--- Exercise input ---
lemma finite_mat_eigenvalues_symmetric:
  fixes G :: "real^'n^'n"
  assumes symmetric: "transpose G = G"
  shows "finite (mat_eigenvalues G)"
proof -
  define E where "E = mat_eigenvalues G"
  define vec where "vec = (\<lambda>c. SOME v. v \<noteq> 0 \<and> G *v v = c *\<^sub>R v)"
  have vec: "vec c \<noteq> 0 \<and> G *v vec c = c *\<^sub>R vec c" if "c \<in> E" for c
    unfolding vec_def by (rule someI_ex) (use that in \<open>simp add: E_def mat_eigenvalues_def\<close>)
  have inj: "inj_on vec E"
  proof (rule inj_onI)
    fix c d assume cd: "c \<in> E" "d \<in> E" "vec c = vec d"
    then have "c *\<^sub>R vec c = d *\<^sub>R vec c"
      using vec by metis
    then show "c = d"
      using vec[OF cd(1)] by simp
  qed
  have "pairwise orthogonal (vec ` E)"
  proof (rule pairwiseI, clarify)
    fix c d assume cd: "c \<in> E" "d \<in> E" "vec c \<noteq> vec d"
    have "c * inner (vec c) (vec d) = d * inner (vec c) (vec d)"
      using inner_symmetric_matrix_mult[OF symmetric, of "vec c" "vec d"] vec[OF cd(1)] vec[OF cd(2)]
      by simp
    moreover have "c \<noteq> d"
      using cd by blast
    ultimately show "orthogonal (vec c) (vec d)"
      by (simp add: orthogonal_def)
  qed
  moreover have "0 \<notin> vec ` E"
    using vec by auto
  ultimately have "finite (vec ` E)"
    using pairwise_orthogonal_independent finiteI_independent by blast
  then show ?thesis
    using inj finite_imageD unfolding E_def by blast
qed

lemma mat_eigenvalues_gram_nonneg:
  fixes X :: "real^'n^'m"
  assumes "c \<in> mat_eigenvalues (transpose X ** X)"
  shows "0 \<le> c"
proof -
  obtain v where v: "v \<noteq> 0" "(transpose X ** X) *v v = c *\<^sub>R v"
    using assms unfolding mat_eigenvalues_def by blast
  have "c * inner v v = (norm (X *v v))\<^sup>2"
    using inner_gram_mult[of v X v] v(2) by (simp add: power2_norm_eq_inner)
  then show ?thesis
    using v(1) by (metis inner_gt_zero_iff zero_le_mult_iff zero_le_power2 not_le)
qed

lemma gram_eigenvector_if_rayleigh_min:
  fixes X :: "real^'n^'m"
  assumes w: "norm w = 1"
    and min: "\<And>v. (norm (X *v w))\<^sup>2 * (norm v)\<^sup>2 \<le> (norm (X *v v))\<^sup>2"
  shows "(transpose X ** X) *v w = (norm (X *v w))\<^sup>2 *\<^sub>R w"
proof -
  define c where "c = (norm (X *v w))\<^sup>2"
  have "inner (X *v w) (X *v z) = c * inner w z" for z
  proof -
    have "2 * (inner (X *v w) (X *v z) - c * inner w z) = 0"
    proof (rule nonneg_linear_quadratic_imp_zero)
      fix t :: real
      have "c * (norm (w + t *\<^sub>R z))\<^sup>2 \<le> (norm (X *v (w + t *\<^sub>R z)))\<^sup>2"
        unfolding c_def by (rule min)
      moreover have "(norm (X *v (w + t *\<^sub>R z)))\<^sup>2
          = c + 2 * t * inner (X *v w) (X *v z) + t\<^sup>2 * (norm (X *v z))\<^sup>2"
        by (simp add: c_def matrix_vector_right_distrib matrix_vector_mult_scaleR norm_add_scaleR_sq)
      moreover have "(norm (w + t *\<^sub>R z))\<^sup>2 = 1 + 2 * t * inner w z + t\<^sup>2 * (norm z)\<^sup>2"
        using w by (simp add: norm_add_scaleR_sq)
      ultimately show "0 \<le> t * (2 * (inner (X *v w) (X *v z) - c * inner w z))
          + t\<^sup>2 * ((norm (X *v z))\<^sup>2 - c * (norm z)\<^sup>2)"
        by (simp add: algebra_simps)
    qed
    then show ?thesis
      by simp
  qed
  then have "inner z ((transpose X ** X) *v w - c *\<^sub>R w) = 0" for z
    using inner_gram_mult[of z X w]
    by (simp add: inner_diff_right inner_commute[of z w] inner_commute[of "X *v z"])
  then show ?thesis
    unfolding c_def by (metis inner_eq_zero_iff eq_iff_diff_eq_0)
qed

lemma gram_rayleigh_eigenvalue:
  fixes X :: "real^'n^'m"
  obtains c where "c \<in> mat_eigenvalues (transpose X ** X)"
    and "\<And>v. c * (norm v)\<^sup>2 \<le> (norm (X *v v))\<^sup>2"
proof -
  define h where "h v = (norm (X *v v))\<^sup>2" for v
  have "axis undefined 1 \<in> sphere (0::real^'n) 1"
    by simp
  moreover have "continuous_on (sphere 0 1) h"
    unfolding h_def by (intro continuous_intros)
  ultimately obtain w where w: "norm w = 1" and w_min: "\<And>u. norm u = 1 \<Longrightarrow> h w \<le> h u"
    using continuous_attains_inf[OF compact_sphere, of 0 1 h] by auto
  have rayleigh: "h w * (norm v)\<^sup>2 \<le> h v" for v
  proof (cases "v = 0")
    case False
    then have "h w \<le> h (inverse (norm v) *\<^sub>R v)"
      by (intro w_min) simp
    also have "\<dots> = h v / (norm v)\<^sup>2"
      by (simp add: h_def matrix_vector_mult_scaleR power_mult_distrib field_simps)
    finally show ?thesis
      using False by (simp add: field_simps)
  qed (simp add: h_def)
  then have "(transpose X ** X) *v w = h w *\<^sub>R w"
    unfolding h_def by (rule gram_eigenvector_if_rayleigh_min[OF w])
  then have "h w \<in> mat_eigenvalues (transpose X ** X)"
    using w unfolding mat_eigenvalues_def by (intro CollectI exI[of _ w]) auto
  then show ?thesis
    using that rayleigh by (simp add: h_def)
qed

lemma gram_min_eigenvalue:
  fixes X :: "real^'n^'m"
  defines "\<mu> \<equiv> Min (mat_eigenvalues (transpose X ** X))"
  shows "0 \<le> \<mu>" and "\<mu> * (norm v)\<^sup>2 \<le> (norm (X *v v))\<^sup>2"
proof -
  define E where "E = mat_eigenvalues (transpose X ** X)"
  obtain c where "c \<in> E" and c: "\<And>v. c * (norm v)\<^sup>2 \<le> (norm (X *v v))\<^sup>2"
    using gram_rayleigh_eigenvalue unfolding E_def by blast
  moreover have "finite E"
    unfolding E_def by (rule finite_mat_eigenvalues_symmetric) (simp add: matrix_transpose_mul)
  ultimately have "\<mu> \<in> E" "\<mu> \<le> c"
    unfolding \<mu>_def E_def[symmetric] using Min_in Min_le by blast+
  then show "0 \<le> \<mu>"
    using mat_eigenvalues_gram_nonneg unfolding E_def by blast
  then show "\<mu> * (norm v)\<^sup>2 \<le> (norm (X *v v))\<^sup>2"
    using \<open>\<mu> \<le> c\<close> c[of v] by (meson mult_right_mono order.trans zero_le_power2)
qed

lemma sigma_r_nonneg: "0 \<le> sigma_r X"
  by (simp add: sigma_r_def gram_min_eigenvalue)

lemma sigma_r_le_norm_mult: "sigma_r X * norm v \<le> norm (X *v v)"
proof -
  have "sqrt (Min (mat_eigenvalues (transpose X ** X)) * (norm v)\<^sup>2) \<le> sqrt ((norm (X *v v))\<^sup>2)"
    using gram_min_eigenvalue(2) by (rule real_sqrt_le_mono)
  then show ?thesis
    by (simp add: sigma_r_def real_sqrt_mult)
qed

section \<open>Matrices of maximal trace in their orthogonal orbit\<close>

definition reflection :: "'a::real_inner \<Rightarrow> 'a \<Rightarrow> 'a" where
  "reflection w x = x - (2 * inner x w / inner w w) *\<^sub>R w"

lemma reflection_alt: "reflection w x = x - inner x w *\<^sub>R ((2 / inner w w) *\<^sub>R w)"
  by (simp add: reflection_def)

lemma linear_reflection: "linear (reflection w)"
  by (rule linearI) (simp_all add: reflection_def inner_add_left add_divide_distrib
      distrib_left scaleR_add_left scaleR_diff_right algebra_simps)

--- What the task requires ---
List all lines in the material containing the string "metis".

--- Result of the task ---
      using vec by metis
    using v(1) by (metis inner_gt_zero_iff zero_le_mult_iff zero_le_power2 not_le)
    unfolding c_def by (metis inner_eq_zero_iff eq_iff_diff_eq_0)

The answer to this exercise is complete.